Q. What did he do to you?
A. He merely gave me a shove.

(Tr. 32, 33).

Vaughn was obviously not afraid of Agent Rousseau inasmuch as he shoved him and dared Rousseau to shoot him. On the contrary, Vaughn wanted to deal drugs with Rousseau in the future.

Deception by undercover tactics in order to obtain evidence has been approved by the Supreme Court. See Hampton v. United States, supra. Here the defendants misplaced their confidence in dealing with Agent Rousseau. They cannot now complain because he completely carried out his deception by acting as a drug dealer would act under similar circumstances.

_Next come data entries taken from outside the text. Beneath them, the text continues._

(* Let $\lambda>0$, $\gamma>0$, let $\beta_1=\beta_1(\gamma)$ be the unique positive solution of $\frac{\sqrt\pi}{2}\gamma x(1+x)^{1/2}(3+x)=1$, and let $0\le\beta<\beta_1$. Let $\varphi$ be the unique solution, within the set $K$ of bounded analytic functions $h:[0,\lambda]\to\mathbb{R}$ with $0\le h\le 1$, of \begin{align*} &[(1+\beta y(\eta))y'(\eta)]'+2\eta y'(\eta)=0, \quad 0<\eta<\lambda,\\ &y'(0)+\beta y(0)y'(0)-\gamma y(0)=0,\\ &y(\lambda)=1. \end{align*} Then for all $0<\eta<\lambda$: $0\le\varphi(\eta)\le 1$, $\varphi'(\eta)>0$ and $\varphi''(\eta)<0$. *)

theory Defs
  imports "HOL-Analysis.Analysis"
begin

definition beta1 :: "real \<Rightarrow> real" where
  "beta1 \<gamma> = (THE x. x > 0 \<and> sqrt pi / 2 * \<gamma> * x * sqrt (1 + x) * (3 + x) = 1)"

definition real_analytic_on :: "(real \<Rightarrow> real) \<Rightarrow> real set \<Rightarrow> bool" where
  "real_analytic_on h S \<longleftrightarrow>
     (\<forall>x\<in>S. \<exists>r>0. \<exists>c::nat \<Rightarrow> real.
        \<forall>y\<in>S. \<bar>y - x\<bar> < r \<longrightarrow> (\<lambda>n. c n * (y - x) ^ n) sums h y)"

definition classK :: "real \<Rightarrow> (real \<Rightarrow> real) set" where
  "classK lam = {h. real_analytic_on h {0..lam} \<and> bounded (h ` {0..lam})
                    \<and> (\<forall>x\<in>{0..lam}. 0 \<le> h x \<and> h x \<le> 1)}"

definition is_solution :: "real \<Rightarrow> real \<Rightarrow> real \<Rightarrow> (real \<Rightarrow> real) \<Rightarrow> bool" where
  "is_solution \<beta> \<gamma> lam h \<longleftrightarrow>
     (\<exists>h'. (\<forall>x\<in>{0..lam}. (h has_real_derivative h' x) (at x within {0..lam}))
        \<and> (\<forall>\<eta>\<in>{0<..<lam}. \<exists>g. ((\<lambda>x. (1 + \<beta> * h x) * h' x) has_real_derivative g) (at \<eta>)
                                \<and> g + 2 * \<eta> * h' \<eta> = 0)
        \<and> h' 0 + \<beta> * h 0 * h' 0 - \<gamma> * h 0 = 0
        \<and> h lam = 1)"

end

theory Submission
  imports Defs
begin

text \<open>Write \<open>F = (1 + \<beta> \<phi>) \<phi>'\<close> for the flux. The equation says \<open>F' = -2 \<eta> \<phi>' = -2 \<eta> F / (1 + \<beta> \<phi>)\<close>,
  a linear ODE for \<open>F\<close> with bounded coefficient, so \<open>F\<close> either vanishes identically or nowhere.
  It cannot vanish identically: then \<open>\<phi>\<close> would be constant, hence \<open>\<phi> = 1\<close> and \<open>\<phi>'(0) = 0\<close>,
  contradicting the Robin condition \<open>(1 + \<beta> \<phi>(0)) \<phi>'(0) = \<gamma> \<phi>(0)\<close>. So \<open>F\<close> has constant sign,
  which is positive because \<open>\<phi> \<le> 1 = \<phi>(\<lambda>)\<close> forces \<open>\<phi>' \<ge> 0\<close> somewhere. Finally
  \<open>\<phi>'' = (F / (1 + \<beta> \<phi>))' = -(2 \<eta> \<phi>' (1 + \<beta> \<phi>) + \<beta> \<phi>' F) / (1 + \<beta> \<phi>)\<^sup>2 < 0\<close>.\<close>

lemma has_real_derivative_square_exp:
  assumes "(F has_real_derivative F') (at x)"
  shows "((\<lambda>x. (F x)\<^sup>2 * exp (k * x)) has_real_derivative
           (2 * F x * F' + k * (F x)\<^sup>2) * exp (k * x)) (at x)"
  by (rule derivative_eq_intros assms refl | simp add: algebra_simps power2_eq_square)+

text \<open>Gronwall's argument: \<open>F\<^sup>2 exp (2 M x)\<close> increases and \<open>F\<^sup>2 exp (-2 M x)\<close> decreases.\<close>
lemma vanishes_if_abs_deriv_le:
  fixes F F' :: "real \<Rightarrow> real"
  assumes deriv: "\<And>x. x \<in> {a..b} \<Longrightarrow> (F has_real_derivative F' x) (at x)"
    and bound: "\<And>x. x \<in> {a..b} \<Longrightarrow> \<bar>F' x\<bar> \<le> M * \<bar>F x\<bar>"
    and c: "c \<in> {a..b}" "F c = 0" and x: "x \<in> {a..b}"
  shows "F x = 0"
proof -
  have prod_bound: "\<bar>2 * F y * F' y\<bar> \<le> 2 * M * (F y)\<^sup>2" if "y \<in> {a..b}" for y
    using mult_left_mono[OF bound[OF that] abs_ge_zero[of "F y"]]
    by (simp add: abs_mult power2_eq_square algebra_simps)
  consider "x \<le> c" | "c \<le> x" by linarith
  then have "(F x)\<^sup>2 * exp (2 * M * x) \<le> 0 \<or> (F x)\<^sup>2 * exp (- 2 * M * x) \<le> 0"
  proof cases
    case 1
    have "(F x)\<^sup>2 * exp (2 * M * x) \<le> (F c)\<^sup>2 * exp (2 * M * c)"
    proof (rule DERIV_nonneg_imp_nondecreasing[OF 1])
      fix y assume "x \<le> y" "y \<le> c"
      then have y: "y \<in> {a..b}" using x c by auto
      have "0 \<le> 2 * F y * F' y + 2 * M * (F y)\<^sup>2" using prod_bound[OF y] by linarith
      then show "\<exists>D. ((\<lambda>x. (F x)\<^sup>2 * exp (2 * M * x)) has_real_derivative D) (at y) \<and> 0 \<le> D"
        using has_real_derivative_square_exp[OF deriv[OF y]] by fastforce
    qed
    then show ?thesis using c by simp
  next
    case 2
    have "(F x)\<^sup>2 * exp (- 2 * M * x) \<le> (F c)\<^sup>2 * exp (- 2 * M * c)"
    proof (rule DERIV_nonpos_imp_nonincreasing[OF 2])
      fix y assume "c \<le> y" "y \<le> x"
      then have y: "y \<in> {a..b}" using x c by auto
      have "2 * F y * F' y + - 2 * M * (F y)\<^sup>2 \<le> 0" using prod_bound[OF y] by linarith
      then show "\<exists>D. ((\<lambda>x. (F x)\<^sup>2 * exp (- 2 * M * x)) has_real_derivative D) (at y) \<and> D \<le> 0"
        using has_real_derivative_square_exp[OF deriv[OF y]] by (fastforce simp: mult_nonpos_nonneg)
    qed
    then show ?thesis using c by simp
  qed
  then show ?thesis by (simp add: mult_le_0_iff)
qed

lemma pos_if_continuous_nonzero_connected:
  fixes f :: "'a::topological_space \<Rightarrow> real"
  assumes "connected S" "continuous_on S f" "\<And>x. x \<in> S \<Longrightarrow> f x \<noteq> 0"
    and "a \<in> S" "f a > 0" "b \<in> S"
  shows "f b > 0"
proof (rule ccontr)
  assume "\<not> f b > 0"
  then have "f b < 0" using assms(3,6) by force
  moreover have "{f b..f a} \<subseteq> f ` S"
    using assms by (intro connected_contains_Icc connected_continuous_image) auto
  ultimately have "0 \<in> f ` S" using assms(5) by auto
  then show False using assms(3) by force
qed

locale diffusion_bvp =
  fixes \<beta> \<gamma> lam :: real and \<phi> \<phi>' :: "real \<Rightarrow> real"
  assumes lam_pos: "lam > 0" and gamma_pos: "\<gamma> > 0" and beta_nonneg: "0 \<le> \<beta>"
    and phi_range: "\<And>x. x \<in> {0..lam} \<Longrightarrow> 0 \<le> \<phi> x \<and> \<phi> x \<le> 1"
    and phi_deriv: "\<And>x. x \<in> {0..lam} \<Longrightarrow> (\<phi> has_real_derivative \<phi>' x) (at x within {0..lam})"
    and flux_deriv_eq: "\<And>\<eta>. \<eta> \<in> {0<..<lam} \<Longrightarrow>
          ((\<lambda>x. (1 + \<beta> * \<phi> x) * \<phi>' x) has_real_derivative - 2 * \<eta> * \<phi>' \<eta>) (at \<eta>)"
    and robin_bc: "\<phi>' 0 + \<beta> * \<phi> 0 * \<phi>' 0 - \<gamma> * \<phi> 0 = 0"
    and right_bc: "\<phi> lam = 1"
begin

definition flux :: "real \<Rightarrow> real" where
  "flux x = (1 + \<beta> * \<phi> x) * \<phi>' x"

lemma diffusivity_ge_one: "x \<in> {0..lam} \<Longrightarrow> 1 \<le> 1 + \<beta> * \<phi> x"
  using phi_range beta_nonneg by simp

lemma phi_has_derivative_at: "t \<in> {0<..<lam} \<Longrightarrow> (\<phi> has_real_derivative \<phi>' t) (at t)"
  using phi_deriv[of t] at_within_interior[of t "{0..lam}"] by simp

lemma deriv_phi: "t \<in> {0<..<lam} \<Longrightarrow> deriv \<phi> t = \<phi>' t"
  using phi_has_derivative_at by (rule DERIV_imp_deriv)

lemma flux_has_derivative: "t \<in> {0<..<lam} \<Longrightarrow> (flux has_real_derivative - 2 * t * \<phi>' t) (at t)"
  using flux_deriv_eq unfolding flux_def[abs_def] .

lemma phi'_eq_flux: "t \<in> {0..lam} \<Longrightarrow> \<phi>' t = flux t / (1 + \<beta> * \<phi> t)"
  using diffusivity_ge_one[of t] unfolding flux_def by simp

lemma abs_flux_deriv_le: "t \<in> {0<..<lam} \<Longrightarrow> \<bar>- 2 * t * \<phi>' t\<bar> \<le> 2 * lam * \<bar>flux t\<bar>"
  using diffusivity_ge_one[of t] beta_nonneg phi_range[of t]
  by (auto simp: flux_def abs_mult intro!: mult_mono mult_le_cancel_right1[THEN iffD2])

lemma phi_eq_one_if_phi'_vanishes:
  assumes flat: "\<And>t. t \<in> {0<..<lam} \<Longrightarrow> \<phi>' t = 0" and x: "x \<in> {0..lam}"
  shows "\<phi> x = 1"
proof -
  have "\<phi> y = \<phi> 0" if "y \<in> {0..lam}" for y
  proof (rule has_derivative_zero_unique_strong_interval[of "{0, lam}" 0 lam \<phi>])
    show "continuous_on {0..lam} \<phi>" using phi_deriv by (rule DERIV_continuous_on)
    fix z assume "z \<in> {0..lam} - {0, lam}"
    then have "(\<phi> has_real_derivative 0) (at z within {0..lam})"
      using phi_has_derivative_at[of z] flat[of z] by (auto intro: has_field_derivative_at_within)
    then show "(\<phi> has_derivative (\<lambda>h. 0)) (at z within {0..lam})"
      by (metis has_field_derivative_def lambda_zero)
  qed (use that in auto)
  then show ?thesis using x right_bc lam_pos by (metis atLeastAtMost_iff less_eq_real_def)
qed

lemma phi'_nonzero_somewhere: "\<exists>t\<in>{0<..<lam}. \<phi>' t \<noteq> 0"
proof (rule ccontr)
  assume "\<not> ?thesis"
  then have one: "\<And>x. x \<in> {0..lam} \<Longrightarrow> \<phi> x = 1" using phi_eq_one_if_phi'_vanishes by blast
  have "(\<phi> has_real_derivative 0) (at 0 within {0..lam})"
    by (rule has_field_derivative_transform_within[of "\<lambda>x. 1" 0 0 _ 1]) (use lam_pos one in auto)
  moreover have "at 0 within {0..lam} \<noteq> (bot :: real filter)"
    using lam_pos by (simp add: at_within_Icc_at_right)
  ultimately have "\<phi>' 0 = 0"
    using has_field_derivative_unique phi_deriv[of 0] lam_pos by force
  then show False using robin_bc one[of 0] lam_pos gamma_pos by simp
qed

lemma flux_nonzero: "t \<in> {0<..<lam} \<Longrightarrow> flux t \<noteq> 0"
proof
  assume t: "t \<in> {0<..<lam}" and "flux t = 0"
  have "\<phi>' s = 0" if s: "s \<in> {0<..<lam}" for s
  proof -
    have sub: "{min s t..max s t} \<subseteq> {0<..<lam}" using s t by auto
    have "flux s = 0"
      by (rule vanishes_if_abs_deriv_le[where F' = "\<lambda>x. - 2 * x * \<phi>' x" and M = "2 * lam" and c = t])
        (use sub \<open>flux t = 0\<close> flux_has_derivative abs_flux_deriv_le in auto)
    then show ?thesis using phi'_eq_flux[of s] s by simp
  qed
  then show False using phi'_nonzero_somewhere by blast
qed

lemma flux_pos: assumes t: "t \<in> {0<..<lam}" shows "flux t > 0"
proof -
  have "continuous_on {t..lam} \<phi>"
    using DERIV_continuous_on[OF phi_deriv] by (rule continuous_on_subset) (use t in auto)
  moreover have "\<phi> differentiable (at x)" if "t < x" "x < lam" for x
    using phi_has_derivative_at[of x] that t real_differentiable_def by auto
  ultimately obtain l z where z: "t < z" "z < lam" "(\<phi> has_real_derivative l) (at z)"
      and mvt: "\<phi> lam - \<phi> t = (lam - t) * l"
    using MVT[of t lam \<phi>] t by auto
  have zi: "z \<in> {0<..<lam}" using z t by auto
  have "l = \<phi>' z" using DERIV_unique[OF z(3) phi_has_derivative_at[OF zi]] .
  moreover have "0 \<le> \<phi> lam - \<phi> t" using right_bc phi_range[of t] t by auto
  ultimately have "0 \<le> \<phi>' z" using mvt t by (simp add: zero_le_mult_iff)
  then have "0 \<le> flux z" using diffusivity_ge_one[of z] zi unfolding flux_def by simp
  then have pos_z: "0 < flux z" using flux_nonzero[OF zi] by linarith
  have cont: "continuous_on {0<..<lam} flux"
    by (rule continuous_at_imp_continuous_on) (use DERIV_isCont[OF flux_has_derivative] in blast)
  show ?thesis
    by (rule pos_if_continuous_nonzero_connected[OF connected_Ioo cont _ zi pos_z t])
      (rule flux_nonzero)
qed

lemma phi'_pos: "t \<in> {0<..<lam} \<Longrightarrow> \<phi>' t > 0"
  using flux_pos[of t] diffusivity_ge_one[of t] phi'_eq_flux[of t] by simp

lemma deriv2_phi_neg: assumes t: "t \<in> {0<..<lam}" shows "deriv (deriv \<phi>) t < 0"
proof -
  let ?p = "1 + \<beta> * \<phi> t"
  have p: "1 \<le> ?p" using diffusivity_ge_one t by simp
  have "((\<lambda>x. flux x / (1 + \<beta> * \<phi> x)) has_real_derivative
          (- 2 * t * \<phi>' t * ?p - flux t * (\<beta> * \<phi>' t)) / (?p * ?p)) (at t)"
    by (rule derivative_eq_intros flux_has_derivative[OF t] phi_has_derivative_at[OF t] refl
        | use p in simp)+
  then have "(deriv \<phi> has_real_derivative
          (- 2 * t * \<phi>' t * ?p - flux t * (\<beta> * \<phi>' t)) / (?p * ?p)) (at t)"
    by (rule has_field_derivative_transform_within_open[of _ _ _ "{0<..<lam}"])
      (use t deriv_phi phi'_eq_flux in auto)
  then have "deriv (deriv \<phi>) t = (- 2 * t * \<phi>' t * ?p - flux t * (\<beta> * \<phi>' t)) / (?p * ?p)"
    by (rule DERIV_imp_deriv)
  moreover have "- 2 * t * \<phi>' t * ?p < 0" using t phi'_pos[OF t] p by (simp add: mult_pos_pos)
  moreover have "0 \<le> flux t * (\<beta> * \<phi>' t)" using flux_pos[OF t] phi'_pos[OF t] beta_nonneg by simp
  ultimately show ?thesis using p by (simp add: divide_neg_pos)
qed

end

theorem mainTheorem8:
  fixes lam \<gamma> \<beta> :: real and \<phi> :: "real \<Rightarrow> real"
  assumes "lam > 0" and "\<gamma> > 0"
    and "0 \<le> \<beta>" and "\<beta> < beta1 \<gamma>"
    and "\<phi> \<in> classK lam" and "is_solution \<beta> \<gamma> lam \<phi>"
    and "\<forall>h. h \<in> classK lam \<and> is_solution \<beta> \<gamma> lam h \<longrightarrow> (\<forall>x\<in>{0..lam}. h x = \<phi> x)"
  shows "\<forall>\<eta>\<in>{0<..<lam}. 0 \<le> \<phi> \<eta> \<and> \<phi> \<eta> \<le> 1 \<and> deriv \<phi> \<eta> > 0 \<and> deriv (deriv \<phi>) \<eta> < 0"
proof -
  obtain \<phi>' where deriv: "\<forall>x\<in>{0..lam}. (\<phi> has_real_derivative \<phi>' x) (at x within {0..lam})"
    and flux: "\<forall>\<eta>\<in>{0<..<lam}. \<exists>g. ((\<lambda>x. (1 + \<beta> * \<phi> x) * \<phi>' x) has_real_derivative g) (at \<eta>)
                                  \<and> g + 2 * \<eta> * \<phi>' \<eta> = 0"
    and bcs: "\<phi>' 0 + \<beta> * \<phi> 0 * \<phi>' 0 - \<gamma> * \<phi> 0 = 0" "\<phi> lam = 1"
    using assms(6) unfolding is_solution_def by blast
  have flux_deriv: "((\<lambda>x. (1 + \<beta> * \<phi> x) * \<phi>' x) has_real_derivative - 2 * \<eta> * \<phi>' \<eta>) (at \<eta>)"
    if \<eta>: "\<eta> \<in> {0<..<lam}" for \<eta>
  proof -
    obtain g where "((\<lambda>x. (1 + \<beta> * \<phi> x) * \<phi>' x) has_real_derivative g) (at \<eta>)"
      and "g + 2 * \<eta> * \<phi>' \<eta> = 0"
      using flux \<eta> by blast
    then show ?thesis by (metis add.commute add_eq_0_iff mult_minus_left)
  qed
  have range: "0 \<le> \<phi> x \<and> \<phi> x \<le> 1" if "x \<in> {0..lam}" for x
    using assms(5) that unfolding classK_def by blast
  interpret diffusion_bvp \<beta> \<gamma> lam \<phi> \<phi>'
    by unfold_locales (use assms(1-3) range deriv flux_deriv bcs in auto)
  show ?thesis using phi_range phi'_pos deriv_phi deriv2_phi_neg by auto
qed

end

Defendant’s argument for suppression of the heroin is without merit. Vaughn testified that he did not state where any heroin was secreted, but only directed Agent Rousseau to the confidential informant. The heroin had already been delivered and would have been discovered upon return to the confidential informant’s house. Vaughn’s statement merely accelerated the( obtaining of the heroin; consequently, there was no taint, and the heroin stands independent of Vaughn’s statement. See United States v. Seohnlein, 423 F.2d 1051 (4th Cir. 1970); United States v. Ceccolini, 435 U.S. 268, 98 S.Ct. 1054, 55 L.Ed.2d 268 (1977)4

Defendants are, in essence, requesting to be allowed to retry the case using another defense because their initial strategy failed. After adequate notice, they elected not to challenge the circumstances of Vaughn’s statements and relied on coercion as a defense. Having done so, they should not be allowed a reversal ex post facto.

The Motion is denied.

AND IT IS SO ORDERED.

. The motion was made by defendant Wertz. By voice of counsel, the others joined in the motion, and asked that the court consider the motion as made to all defendants. The court accepted the oral motions as if written.

. Counsel claim the motion(s) to suppress could not be timely made under provisions of Rule 12(b)(4) “because of lack of knowledge that the facts would reveal those matters disclosed at the trial” (discussed herein). Rule 12(b)(4) provides:

Pleadings and Motions Before Trial; Defense and Objections.
(4) Requests for discovery under rule 16;

. Jackson v. Denno, 378 U.S. 368, 84 S.Ct. 1774, 12 L.Ed.2d 908 (1964).

. The issue of whether Vaughn’s statements and actions were voluntary were clearly before the jury.